Last night I heard two of the many bands slated for this weekend at Winterplace Park – since the forecast for today was iffy, my list of things to do this weekend was rather long, and we had a somewhat rare evening sans a 14-year-old, we decided to instead make a Friday night of it. Ironically, our teenager’s musical tastes would have made the night’s headliner very palatable to her, but let’s talk about the Bonedaddies first.

The Bonedaddies play at Pork in the Park, May 9, 2014.

These guys are like a comfortable pair of old shoes – you know what to expect when you put them on. In the case of the Bonedaddies, it’s a steady diet of classic rock stretching from ZZ Top (they were playing “I Thank You” as we walked in) to their closing number from Tom Petty, “Runnin’ Down A Dream.” And there must be a law which now states any cover band must play Wilson Pickett’s “Mustang Sally.”
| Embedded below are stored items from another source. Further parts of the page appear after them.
lemma frobenius_norm_hankel_mat_le: "frobenius_norm (hankel_mat n p) \<le> poly_norm p"
proof -
  have "(\<Sum>i\<in>antidiag n k. (hankel_mat n p $$ (i, k - i))\<^sup>2) \<le> (coeff p k)\<^sup>2"
    if k: "k < 2 * n - 1" for k
  proof -
    define s where "s = real (hank_s n k)"
    have s: "s \<ge> 1" using hank_s_pos[OF k] unfolding s_def by simp
    have "(\<Sum>i\<in>antidiag n k. (hankel_mat n p $$ (i, k - i))\<^sup>2) = (\<Sum>i\<in>antidiag n k. (coeff p k / s)\<^sup>2)"
      by (intro sum.cong refl) (auto simp: antidiag_def s_def)
    also have "\<dots> = s * (coeff p k / s)\<^sup>2" using k by (simp add: card_antidiag s_def)
    also have "\<dots> = (coeff p k)\<^sup>2 / s" using s by (simp add: power2_eq_square)
    also have "\<dots> \<le> (coeff p k)\<^sup>2" using s by (simp add: divide_le_eq mult_le_cancel_left1)
    finally show ?thesis .
  qed
  then have "(\<Sum>k<2 * n - 1. \<Sum>i\<in>antidiag n k. (hankel_mat n p $$ (i, k - i))\<^sup>2)
      \<le> (\<Sum>k<2 * n - 1. (coeff p k)\<^sup>2)"
    by (rule sum_mono) simp
  then have "frobenius_norm (hankel_mat n p) \<le> L2_set (coeff p) {..<2 * n - 1}"
    by (simp add: frobenius_norm_by_antidiags[OF hankel_mat_carrier] L2_set_def)
  also have "\<dots> \<le> poly_norm p" by (rule L2_set_coeff_lessThan_le)
  finally show ?thesis .
qed

lemma frobenius_norm_proj_mat_diff_le:
  fixes A B :: "real mat"
  assumes A: "A \<in> carrier_mat n n" and B: "B \<in> carrier_mat n n"
  shows "frobenius_norm (proj_mat n p B - A) \<le> frobenius_norm (B - A) + poly_norm (quad_poly A - p)"
proof -
  define E where "E = B - A"
  have E: "E \<in> carrier_mat n n" unfolding E_def using A by (rule minus_carrier_mat)
  have "quad_poly B - p = quad_poly E + (quad_poly A - p)"
    using A B by (simp add: E_def quad_poly_diff)
  then have "proj_mat n p B - A = (E - hankel_mat n (quad_poly E)) - hankel_mat n (quad_poly A - p)"
    using A B by (intro eq_matI) (auto simp: index_proj_mat E_def add_divide_distrib diff_divide_distrib)
  then have "frobenius_norm (proj_mat n p B - A) \<le>
      frobenius_norm (E - hankel_mat n (quad_poly E)) + frobenius_norm (hankel_mat n (quad_poly A - p))"
    by (simp add: frobenius_norm_diff_le[of _ n n] carrier_matI)
  also have "\<dots> \<le> frobenius_norm E + poly_norm (quad_poly A - p)"
    by (intro add_mono frobenius_norm_sub_hankel_quad_poly_le E frobenius_norm_hankel_mat_le)
  finally show ?thesis unfolding E_def .
qed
So we caught perhaps the last 45 minutes of their show, which had some interest but a lot of empty space in front of the stage. One thing which is different about Pork in the Park this year is the lack of any seating close to the stage – in years prior the stage was set up perhaps 25 to 30 yards from a pavilion, but not this year. Most people who wanted to sit either had to bring their own chairs or sit about 50-60 yards away.

A good portion of the open space filled for the headliner, as you’ll see.

First of all, if you wonder why the photos are so dark, this is what happened when I set my night setting.

So deal with the dark. Anyway, Charlie Worsham is an up-and-coming country artist who is doing one last weekend of shows before a tour opening for Brad Paisley.

I will gladly admit country music is not my cup of tea, so suffice to say I didn’t really recognize Worsham’s originals – but they were well-received by the several hundred people around the stage.

Unfortunately, having just one album to his credit and about 90 minutes of stage time to fill meant that he had to play a few covers. So can I ask a question – why is it that country artists feel the need to cover rock songs?

I will grant that my friends from Semiblind, who have graced many a WLR volume, can take a country song they like and supercharge it to make it listenable and sometimes even really enjoyable for a metalhead like me. But it doesn’t work as well the other way – no country singer can be as urban as “Billie Jean” needs to sound nor can “Crazy Train” have justice done to it with a banjo. Cover Lynard Skynard or the Allman Brothers – no problem for a country band. Surely they can even pull off “Mustang Sally.” So while I hate to be so critical, I must say that version of “Crazy Train” was brutal.

On the other hand, working as an opening act will give them a chance to write and perform what they’re best at, leaving “Crazy Train” for someone else. Their mini-tour began in Houston yesterday in a performance for a local radio station before coming to Salisbury and moving on to Chesterfield, Virginia tomorrow before joining up with Paisley later next week. Those sorts of logistics are fascinating to me.

Assuming the weather doesn’t intervene, the lineup for today is rather promising. If you hurry, you can catch the Barren Creek Band at 10, with Picnic following at 12.

Veterans of Pork in the Park and a welcome Pennsylvania import follow at 2:30.

Smokin’ Gunnz is always a crowd favorite, as evidenced by the number of views this four-year-old video still gets on a monthly basis.

Another local favorite is bluesman Tom Larsen, who will serve as the opening act for Jimmie Van Zandt once the awards are over around 5:30 or so.

Front Page News is the final band to take the stage early Sunday afternoon, as that day is mainly given over to the wing-eating contest.

So music fans aren’t left wanting by the lineup – the question becomes whether Mother Nature will cooperate today.